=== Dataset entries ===
(* There is an absolute constant $C>0$ such that for every $n\in\mathbb N$ and any positive numbers $\alpha_1,\dots,\alpha_n$ there exist points $z_1,\dots,z_n\in\mathbb T$ with $$\int_{\mathbb D}\left|\sum_{k=1}^n\frac{\alpha_k}{z-z_k}\right|dm(z)\ \le\ C\,\frac{\sum_{k=1}^n\alpha_k^2}{\sum_{k=1}^n\alpha_k}.$$
   Context: $\mathbb D$ is the open unit disc in $\mathbb C$, $\mathbb T$ the unit circle, and $m$ planar Lebesgue measure. *)

theory Defs
  imports "HOL-Analysis.Analysis"
begin

end

theory Submission
  imports Defs
begin

text \<open>
  Cut the unit circle into consecutive arcs of lengths \<open>2 pi alpha_k / A\<close>, where \<open>A\<close> is the
  sum of the \<open>alpha_k\<close>, and put \<open>z_k\<close> at their midpoints. For \<open>|z| < 1\<close> the kernel
  \<open>theta \<mapsto> 1 / (z - e^(i theta))\<close> has the \<open>2 pi\<close>-periodic primitive
  \<open>i Ln (1 - z e^(-i theta)) / z\<close>, so its integral over the circle vanishes, and the sum of the
  \<open>alpha_k / (z - z_k)\<close> is \<open>A / (2 pi)\<close> times the total error of the midpoint rule for
  that integral. On an arc of half-length \<open>h\<close> with midpoint \<open>c\<close> this error is
  \<open>O(h^3 / |z - c|^3)\<close> outside the disc of radius \<open>4 h\<close> about \<open>c\<close>: expanding the
  kernel to second order at \<open>c\<close>, the linear term integrates to \<open>O(h^3)\<close>. Inside that disc
  the error is bounded by the kernels themselves, which are integrable there (for the arc
  this uses Fubini). Both parts have planar \<open>L^1\<close> norm \<open>O(h^2)\<close>, and
  \<open>A / (2 pi)\<close> times the sum of the \<open>h_k^2\<close> is a constant times the sum of the
  \<open>alpha_k^2\<close> divided by \<open>A\<close>.
\<close>

lemma emeasure_cball_complex:
  fixes c :: complex assumes "r \<ge> 0"
  shows "emeasure lborel (cball c r) = ennreal (pi * r^2)"
  using assms by (simp add: emeasure_cball unit_ball_vol_2)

=== REQUIRED WORK ===
Copy exactly the stretch of data above from the line with "the error is" through the line with "constant times the sum of the", and omit all other lines.

=== TASK ANSWER ===
  the error is bounded by the kernels themselves, which are integrable there (for the arc
  this uses Fubini). Both parts have planar \<open>L^1\<close> norm \<open>O(h^2)\<close>, and
  \<open>A / (2 pi)\<close> times the sum of the \<open>h_k^2\<close> is a constant times the sum of the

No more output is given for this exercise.